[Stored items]
☆ ☆ ☆
lemma ED_j_le:
  fixes Ls Lc r \<rho> \<theta> \<kappa> \<theta>' :: real
  assumes Ls: "0 < Ls" and Lc: "0 < Lc" and \<rho>: "1 \<le> \<rho>" and r: "0 \<le> r"
    and \<theta>: "0 \<le> \<theta>" "\<theta> \<le> 1" "\<theta> < Ls" and \<kappa>: "0 \<le> \<kappa>" "\<kappa> < Lc"
    and \<theta>': "0 \<le> \<theta>'" "\<theta>' \<le> 1 + \<kappa>" "\<theta>' < Ls"
  shows "ED_j Ls Lc (r / 2 * log 2 \<rho>) \<rho>
    \<le> \<rho> powr (- (\<theta> + r * (1 - \<theta>))) * gamma_moment Ls (1 / Ls) (- \<theta>)
      + \<rho> powr (- (\<theta>' + (1 - r) * \<kappa>)) * (gamma_moment Lc (1 / Lc) (- \<kappa>) * gamma_moment Ls (1 / Ls) (- \<theta>'))"
    (is "_ \<le> ?a * ?m\<^sub>1 + ?b * (?m\<^sub>2 * ?m\<^sub>3)")
proof -
  define d where "d L x = ennreal (gamma_density L (1 / L) x)" for L x :: real
  define f where "f L \<tau> x = ennreal (gamma_density L (1 / L) x * x powr \<tau>)" for L \<tau> x :: real
  have [measurable]: "d L \<in> borel_measurable borel" "f L \<tau> \<in> borel_measurable borel" for L \<tau>
    unfolding d_def f_def by measurable
  have \<rho>0: "0 < \<rho>" using \<rho> by simp
  have R: "1 \<le> 2 powr (2 * (r / 2 * log 2 \<rho>))" using \<rho> r by (simp add: two_powr_rate[OF \<rho>0] ge_one_powr_ge_zero)
  have "ennreal (nakagami_density Ls Lc z * conditional_distortion (r / 2 * log 2 \<rho>) \<rho> (fst z) (snd z))
      \<le> ennreal ?a * (d Lc (fst z) * f Ls (- \<theta>) (snd z)) + ennreal ?b * (f Lc (- \<kappa>) (fst z) * f Ls (- \<theta>') (snd z))"
    for z
    using ennreal_leI[OF nakagami_density_conditional_distortion_le[OF Ls Lc \<rho> r \<theta>(1,2) \<kappa>(1) \<theta>'(1,2), of "fst z" "snd z"]]
      Ls Lc by (simp add: d_def f_def gamma_density_nonneg ennreal_mult)
  then have "ennreal (ED_j Ls Lc (r / 2 * log 2 \<rho>) \<rho>)
      \<le> (\<integral>\<^sup>+z. ennreal ?a * (d Lc (fst z) * f Ls (- \<theta>) (snd z))
          + ennreal ?b * (f Lc (- \<kappa>) (fst z) * f Ls (- \<theta>') (snd z)) \<partial>(lborel \<Otimes>\<^sub>M lborel))"
    unfolding ED_j_eq_nn_integral(2)[OF Ls Lc \<rho>0 R] by (intro nn_integral_mono) auto
  also have "\<dots> = ennreal ?a * ((\<integral>\<^sup>+x. d Lc x \<partial>lborel) * (\<integral>\<^sup>+y. f Ls (- \<theta>) y \<partial>lborel))
      + ennreal ?b * ((\<integral>\<^sup>+x. f Lc (- \<kappa>) x \<partial>lborel) * (\<integral>\<^sup>+y. f Ls (- \<theta>') y \<partial>lborel))"
    by (simp add: nn_integral_add nn_integral_cmult nn_integral_pair_measure_times lborel.sigma_finite_measure_axioms)
  also have "\<dots> = ennreal (?a * ?m\<^sub>1 + ?b * (?m\<^sub>2 * ?m\<^sub>3))"
    using Ls Lc \<theta> \<kappa> \<theta>' gamma_moment_pos[of Ls "1 / Ls" "- \<theta>"] gamma_moment_pos[of Lc "1 / Lc" "- \<kappa>"]
      gamma_moment_pos[of Ls "1 / Ls" "- \<theta>'"]
    by (simp add: d_def f_def nn_integral_gamma_density nn_integral_gamma_density_powr ennreal_mult)
  finally show ?thesis
    using Ls Lc \<theta> \<kappa> \<theta>' gamma_moment_pos[of Ls "1 / Ls" "- \<theta>"] gamma_moment_pos[of Lc "1 / Lc" "- \<kappa>"]
      gamma_moment_pos[of Ls "1 / Ls" "- \<theta>'"]
    by (subst (asm) ennreal_le_iff) auto
qed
☆ ☆ ☆
* _ACTIVITY_
With the first line being the one containing "using \<rho> by simp" and the last line the one containing "z) (snd z))", transcribe exactly the lines above that fall in that range.

* _ANSWER TO THIS TASK_
  have \<rho>0: "0 < \<rho>" using \<rho> by simp
  have R: "1 \<le> 2 powr (2 * (r / 2 * log 2 \<rho>))" using \<rho> r by (simp add: two_powr_rate[OF \<rho>0] ge_one_powr_ge_zero)
  have "ennreal (nakagami_density Ls Lc z * conditional_distortion (r / 2 * log 2 \<rho>) \<rho> (fst z) (snd z))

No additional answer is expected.